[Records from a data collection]
lemma prod_eq_dilate:
  assumes A_dilate: "\<And>p. prime p \<Longrightarrow> A p = dilate w p"
    and w: "\<And>N. w N \<noteq> 0" "w 1 = 1"
  shows "prod_eq A (\<lambda>N. if N > 0 then 1 / w N else 0) single1"
  unfolding prod_eq_def
proof
  fix N
  let ?v = "\<lambda>N. if N > 0 then 1 / w N else 0"
  have coeff: "set_op A S ?v N = (if N > 0 \<and> \<Prod>S dvd N then 1 / w N else 0)"
    if "S \<in> prime_sets" for S
  proof -
    have "\<Prod>S > 0"
      using exps_prod_pos[OF indicator_in_prime_exps[OF that]] by (simp add: exps_prod_indicator)
    then have "dilate w (\<Prod>S) ?v N = (if N > 0 \<and> \<Prod>S dvd N then 1 / w N else 0)"
      by (rule dilate_reciprocals) (rule w(1))
    then show ?thesis
      by (simp only: set_op_dilate[OF that A_dilate w(1)])
  qed
  show "((\<lambda>S. (-1) ^ card S * set_op A S ?v N) has_sum single1 N) prime_sets"
  proof (cases "N = 0")
    case True
    then have "single1 N = 0"
      by (simp add: single1_def)
    moreover have "(-1) ^ card S * set_op A S ?v N = 0" if "S \<in> prime_sets" for S
      using coeff[OF that] True by simp
    ultimately show ?thesis
      by (simp add: has_sum_0)
  next
    case False
    have Pow_sub: "Pow (prime_factors N) \<subseteq> prime_sets"
      by (auto simp: prime_sets_def intro: finite_subset)
    show ?thesis
    proof (rule has_sum_finite_neutralI[OF _ Pow_sub])
      show "(-1) ^ card S * set_op A S ?v N = 0" if "S \<in> prime_sets - Pow (prime_factors N)" for S
        using that False by (simp add: coeff prod_primes_dvd_iff)
      have "(\<Sum>S\<in>Pow (prime_factors N). (-1) ^ card S * set_op A S ?v N)
          = (\<Sum>S\<in>Pow (prime_factors N). (-1) ^ card S) * (1 / w N)"
        unfolding sum_distrib_right using Pow_sub False
        by (intro sum.cong) (auto simp: coeff prod_primes_dvd_iff)
      also have "\<dots> = single1 N"
        using False w(2) by (simp add: sum_Pow_minus_one_power_card prime_factorization_empty_iff single1_def)
      finally show "single1 N = (\<Sum>S\<in>Pow (prime_factors N). (-1) ^ card S * set_op A S ?v N)" ..
    qed simp
  qed
qed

§ WHAT THIS TASK INVOLVES
The lines to extract from the data above begin with the line containing "by (simp only: set_op_dilate[OF" and end with the line containing "proof (rule has_sum_finite_neutralI[OF". Extract them exactly, including both.

§ RESULT OF THE EXERCISE
      by (simp only: set_op_dilate[OF that A_dilate w(1)])
  qed
  show "((\<lambda>S. (-1) ^ card S * set_op A S ?v N) has_sum single1 N) prime_sets"
  proof (cases "N = 0")
    case True
    then have "single1 N = 0"
      by (simp add: single1_def)
    moreover have "(-1) ^ card S * set_op A S ?v N = 0" if "S \<in> prime_sets" for S
      using coeff[OF that] True by simp
    ultimately show ?thesis
      by (simp add: has_sum_0)
  next
    case False
    have Pow_sub: "Pow (prime_factors N) \<subseteq> prime_sets"
      by (auto simp: prime_sets_def intro: finite_subset)
    show ?thesis
    proof (rule has_sum_finite_neutralI[OF _ Pow_sub])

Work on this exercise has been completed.